Blue Butt is either a generic term to some and used as a term to mean a mutt hog with alot of white but some color..... Or a specific F1, which is a 1st generation cross of a york and hamp with both being pure blooded. With your offspring, if it's a true F1 - you can look at dominance traits and see exactly what the percentage of chance is of getting each trait....Without knowing they are f1's it will be a crap shoot. The highest percentage of hogs raised today.... and I mean 70% of all hogs in america are white f1's bred to a ducoc. A duroc will give you more growth as they are large hogs and pass the most hybrid vigor to white hogs. These would be the meat cross.... A maternal cross of chester white or maybe york would be good to develop your gilts. but the best option would be to use these sows for meat production and get a purebred gilt for producing keeper offspring (_reproducing your current blue butts_), purebreds are very consistent in what they throw.
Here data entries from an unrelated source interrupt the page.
(* Let $n\ge 3$ and $\beta\in(0,1)$. Let $X,Y$ be independent random variables with $\Pr(X=i)=\Pr(Y=i)=(1-\beta)^{i-1}\beta$ for $i=1,2,\dots$, and set $L=X+Y$. Given $X,Y$, let $\pi_1,\dots,\pi_L$ be random permutations of $[n]=\{1,\dots,n\}$ such that: - $\pi_1,\dots,\pi_{L-1}$ are uniform and independent; - $\pi_L$ is uniform among the permutations with $\pi_L(i)$ odd for every $i$ with $\pi_X(i)$ even. For a player $j\in[n]$, call $j$ short if $\pi_X(j)$ is odd and long otherwise, and set $L_j=X$ if $j$ is short and $L_j=X+Y$ if $j$ is long. Fix $j\in[n]$, integers $1\le t<k$, and parities $a,b\in\{0,1\}$. Let $E$ be the event $$\{L_j=k\}\cap\{X\ge t\}\cap\{\pi_t(j)\equiv a \pmod 2\}\cap\{\pi_{t+1}(j)\equiv b\pmod 2\},$$ and assume $\Pr(E)>0$. Then $$\Pr(X=t\mid E)\le 2\beta.$$
   Context: Interpretation: $X$ is the definitive round, and a player with input length $k$ estimates at round $t<k$ the probability that $t$ is definitive. The event $\{X\ge t\}$ is always contained in $\{L_j=k\}$ intersected with the event that the game reached round $t$. *)

theory Defs
  imports "HOL-Probability.Probability"
begin

definition uniform_perm :: "nat \<Rightarrow> (nat \<Rightarrow> nat) pmf" where
  "uniform_perm n = pmf_of_set {\<sigma>. \<sigma> permutes {1..n}}"

fun iid_list :: "nat \<Rightarrow> 'a pmf \<Rightarrow> 'a list pmf" where
  "iid_list 0 p = return_pmf []"
| "iid_list (Suc m) p = bind_pmf p (\<lambda>a. map_pmf (Cons a) (iid_list m p))"

definition last_perm :: "nat \<Rightarrow> (nat \<Rightarrow> nat) \<Rightarrow> (nat \<Rightarrow> nat) pmf" where
  "last_perm n \<tau> = pmf_of_set {\<sigma>. \<sigma> permutes {1..n} \<and> (\<forall>i\<in>{1..n}. even (\<tau> i) \<longrightarrow> odd (\<sigma> i))}"

definition geom1 :: "real \<Rightarrow> nat pmf" where
  "geom1 \<beta> = map_pmf Suc (geometric_pmf \<beta>)"

text \<open>The joint model: outcome (x, y, ps) where ps is the list [pi_1, ..., pi_L],
  L = x + y, so pi_i = ps ! (i - 1).\<close>
definition game :: "nat \<Rightarrow> real \<Rightarrow> (nat \<times> nat \<times> (nat \<Rightarrow> nat) list) pmf" where
  "game n \<beta> =
     bind_pmf (geom1 \<beta>) (\<lambda>x.
     bind_pmf (geom1 \<beta>) (\<lambda>y.
     bind_pmf (iid_list (x + y - 1) (uniform_perm n)) (\<lambda>ps.
     map_pmf (\<lambda>\<sigma>. (x, y, ps @ [\<sigma>])) (last_perm n (ps ! (x - 1))))))"

definition perm_at :: "nat \<times> nat \<times> (nat \<Rightarrow> nat) list \<Rightarrow> nat \<Rightarrow> nat \<Rightarrow> nat" where
  "perm_at \<omega> i = (snd (snd \<omega>)) ! (i - 1)"

definition Lj :: "nat \<Rightarrow> nat \<times> nat \<times> (nat \<Rightarrow> nat) list \<Rightarrow> nat" where
  "Lj j \<omega> = (if odd (perm_at \<omega> (fst \<omega>) j) then fst \<omega> else fst \<omega> + fst (snd \<omega>))"

definition event_E :: "nat \<Rightarrow> nat \<Rightarrow> nat \<Rightarrow> nat \<Rightarrow> nat \<Rightarrow> (nat \<times> nat \<times> (nat \<Rightarrow> nat) list) set" where
  "event_E j k t a b = {\<omega>. Lj j \<omega> = k \<and> fst \<omega> \<ge> t \<and>
      perm_at \<omega> t j mod 2 = a \<and> perm_at \<omega> (t + 1) j mod 2 = b}"

end

theory Submission
  imports Defs
begin
(* Every ideal triangulation $T$ of $(S,V)$ admits a branching.
   Context: $S$ is a compact closed connected surface and $V\subset S$ is a finite set of $n$ marked points with $\chi(S)-n<0$. An ideal triangulation of $(S,V)$ is a possibly loose triangulation of $S$ (self- and multiple adjacencies allowed) with vertex set exactly $V$, i.e. obtained by gluing abstract triangles along abstract edges in pairs. A branching of $T$ is a choice of orientation of each edge such that, on every abstract triangle, the induced orientations of its three edges are induced by a total order of its vertices, each edge pointing towards the larger endpoint. Equivalently, it is a $\Delta$-complex structure on $T$. *)

theory Defs
  imports Main
begin

(* A combinatorial ideal triangulation: a finite set F of abstract triangles, each with
   corners 0,1,2.  A dart (t,a,b) is the side of triangle t joining corner a to corner b,
   traversed from a to b.  The gluing g pairs the sides: it sends each oriented side to the
   oriented side it is identified with (endpoint a is glued to the first endpoint of g(t,a,b)). *)

definition darts :: "'f set \<Rightarrow> ('f \<times> nat \<times> nat) set" where
  "darts F = {(t, a, b). t \<in> F \<and> a < 3 \<and> b < 3 \<and> a \<noteq> b}"

fun rev_dart :: "'f \<times> nat \<times> nat \<Rightarrow> 'f \<times> nat \<times> nat" where
  "rev_dart (t, a, b) = (t, b, a)"

fun side_of :: "'f \<times> nat \<times> nat \<Rightarrow> 'f \<times> nat set" where
  "side_of (t, a, b) = (t, {a, b})"

definition adjacent :: "'f set \<Rightarrow> ('f \<times> nat \<times> nat \<Rightarrow> 'f \<times> nat \<times> nat) \<Rightarrow> ('f \<times> 'f) set" where
  "adjacent F g = {(t, t'). \<exists>d \<in> darts F. fst d = t \<and> fst (g d) = t'}"

definition ideal_triangulation ::
  "'f set \<Rightarrow> ('f \<times> nat \<times> nat \<Rightarrow> 'f \<times> nat \<times> nat) \<Rightarrow> bool" where
  "ideal_triangulation F g \<longleftrightarrow>
     finite F \<and> F \<noteq> {} \<and>
     (\<forall>d \<in> darts F. g d \<in> darts F) \<and>
     (\<forall>d \<in> darts F. g (g d) = d) \<and>
     (\<forall>d \<in> darts F. g (rev_dart d) = rev_dart (g d)) \<and>
     (\<forall>d \<in> darts F. side_of (g d) \<noteq> side_of d) \<and>
     (\<forall>t \<in> F. \<forall>t' \<in> F. (t, t') \<in> (adjacent F g)\<^sup>*)"

(* A branching: an orientation of every edge (ori d = True means the edge carrying dart d is
   oriented from the first to the second endpoint of d), well defined on glued sides, such
   that on every triangle it is induced by a total order of the three corners. *)
definition is_branching ::
  "'f set \<Rightarrow> ('f \<times> nat \<times> nat \<Rightarrow> 'f \<times> nat \<times> nat) \<Rightarrow> ('f \<times> nat \<times> nat \<Rightarrow> bool) \<Rightarrow> bool" where
  "is_branching F g ori \<longleftrightarrow>
     (\<forall>d \<in> darts F. ori (rev_dart d) = (\<not> ori d)) \<and>
     (\<forall>d \<in> darts F. ori (g d) = ori d) \<and>
     (\<forall>t \<in> F. \<exists>r :: nat \<Rightarrow> nat. inj_on r {0, 1, 2} \<and>
        (\<forall>a < 3. \<forall>b < 3. a \<noteq> b \<longrightarrow> (ori (t, a, b) \<longleftrightarrow> r a < r b)))"

end

theory Submission
  imports Defs
begin

text \<open>
  Call an orientation of the darts of a set \<open>G\<close> of triangles a partial branching if it respects
  the gluings between darts of \<open>G\<close> and is induced by an order on each triangle; darts glued to
  triangles outside \<open>G\<close> form the boundary of \<open>G\<close> and are unconstrained. A triangle is acyclic
  unless its three sides are oriented cyclically, so a triangle with a free side can always be
  oriented last.

  If every triangle of \<open>G\<close> is connected to the boundary, so is every \<open>G - {u}\<close>, and induction
  on \<open>G\<close>, removing the triangle \<open>u\<close> of a boundary dart, shows that \<open>G\<close> has a partial branching
  in which two given boundary darts on different sides agree or disagree as prescribed: the
  induction hypothesis makes the two other sides of \<open>u\<close> disagree, and then the side of the
  boundary dart is free. A closed triangulation is handled by removing one triangle \<open>u\<close> with a
  side glued to another triangle: what remains is connected to the boundary, so the two other
  sides of \<open>u\<close> can again be made to disagree.
\<close>

definition induced_by_order :: "('f \<times> nat \<times> nat \<Rightarrow> bool) \<Rightarrow> 'f \<Rightarrow> bool" where
  "induced_by_order ori t \<longleftrightarrow> (\<exists>r::nat \<Rightarrow> nat. inj_on r {0, 1, 2} \<and>
     (\<forall>a < 3. \<forall>b < 3. a \<noteq> b \<longrightarrow> (ori (t, a, b) \<longleftrightarrow> r a < r b)))"

definition antisymmetric_at :: "('f \<times> nat \<times> nat \<Rightarrow> bool) \<Rightarrow> 'f \<Rightarrow> bool" where
  "antisymmetric_at ori t \<longleftrightarrow> (\<forall>a < 3. \<forall>b < 3. a \<noteq> b \<longrightarrow> ori (t, b, a) = (\<not> ori (t, a, b)))"

lemma antisymmetric_atD:
  "antisymmetric_at ori t \<Longrightarrow> a < 3 \<Longrightarrow> b < 3 \<Longrightarrow> a \<noteq> b \<Longrightarrow> ori (t, b, a) = (\<not> ori (t, a, b))"
  unfolding antisymmetric_at_def by blast

lemma less_3_cases: "(i::nat) < 3 \<Longrightarrow> i = 0 \<or> i = 1 \<or> i = 2"
  by arith

lemma less_3_corner_cases:
  "a < 3 \<Longrightarrow> b < 3 \<Longrightarrow> c < 3 \<Longrightarrow> distinct [a, b, c] \<Longrightarrow> (i::nat) < 3 \<Longrightarrow> i = a \<or> i = b \<or> i = c"
  by auto

lemma ex_third_corner:
  assumes "a < 3" "b < 3" "a \<noteq> (b::nat)"
  obtains c where "c < 3" "distinct [a, b, c]"
  using assms by (intro that[of "3 - a - b"]; simp; arith)

lemma induced_by_order_cong:
  "(\<And>a b. f (t, a, b) = h (t, a, b)) \<Longrightarrow> induced_by_order f t = induced_by_order h t"
  by (simp add: induced_by_order_def)
lemma signed_count_Suc_Suc:
  assumes "k < n"
  shows "signed_count (Suc k) (Suc m) t = CARD('a) ^ t * signed_count k m t
           - (if 1 \<le> t then CARD('a) ^ (t - 1) * signed_count k m (t - 1) else 0)"
proof -
  let ?h = "\<lambda>cs. (of_bool (rank_list cs = t) - of_bool (rank_list cs + 1 = t)) *
                  (CARD('a) ^ rank_list cs * signed_ind (antitrace k cs))"
  have "signed_count (Suc k) (Suc m) t = (\<Sum>cs\<in>col_lists (Suc k) m.
      \<Sum>c\<in>coord_subspace (Suc k).
        if rank_list (c # cs) = t then signed_ind (c $ k + antitrace k cs) else 0)"
    unfolding signed_count_Suc antitrace_Cons ..
  also have "\<dots> = (\<Sum>cs\<in>col_lists (Suc k) m. if \<forall>v\<in>set cs. v $ k = 0 then ?h cs else 0)"
    using sum_signed_ind_rank_Cons[OF _ assms] by (intro sum.cong) (auto simp: col_lists_def)
  also have "\<dots> = (\<Sum>cs\<in>col_lists k m. ?h cs)"
    by (simp add: sum.inter_filter[OF finite_col_lists, symmetric] col_lists_Suc_coord_eq_0[OF assms])
  also have "\<dots> = (\<Sum>cs\<in>col_lists k m.
      CARD('a) ^ t * (if rank_list cs = t then signed_ind (antitrace k cs) else 0)
      - (if 1 \<le> t
         then CARD('a) ^ (t - 1) * (if rank_list cs = t - 1 then signed_ind (antitrace k cs) else 0)
         else 0))"
    by (intro sum.cong) auto
  finally show ?thesis
    unfolding signed_count_def by (simp add: sum_subtractf sum_distrib_left)
qed

lemma signed_count_eq:
  assumes "k \<le> m" and "k \<le> n"
  shows "signed_count k m t = (-1) ^ t * CARD('a) ^ (t choose 2) * qbinom CARD('a) k t"
  using assms
proof (induction k arbitrary: m t)
  case 0
  then show ?case using signed_count_0 by (cases t) (auto simp: binomial_eq_0)
next
  case (Suc k)
  obtain m' where m: "m = Suc m'" using Suc.prems by (cases m) auto
  have IH: "signed_count k m' t = (-1) ^ t * CARD('a) ^ (t choose 2) * qbinom CARD('a) k t" for t
    using Suc m by simp
  have "real CARD('a) > 1"
    using card_mono[of "UNIV :: 'a set" "{0, 1}"] by simp
  moreover have "Suc t choose 2 = (t choose 2) + t" for t
    using binomial_Suc_Suc[of t 1] by (simp add: numeral_2_eq_2)
  ultimately show ?case
    unfolding m signed_count_Suc_Suc[OF Suc_le_lessD[OF Suc.prems(2)]] IH
    by (cases t) (simp_all add: qbinom_Suc_Suc algebra_simps power_add)
qed

definition antitrace_count :: "nat \<Rightarrow> nat \<Rightarrow> nat \<Rightarrow> 'a \<Rightarrow> nat" where
  "antitrace_count k m t a = card {cs \<in> col_lists k m. rank_list cs = t \<and> antitrace k cs = a}"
Your blue butts are used for meat production for a reason. They may throw the mother side and then they may throw the father side, you just don't know.


----------



## jvicars (Apr 20, 2007)

my blue butt hogs grow faster than anything. I have a york and he does not hold a candle to the blue butts in growth. maybe i am just lucky but these hogs grow every day and are musclar.


----------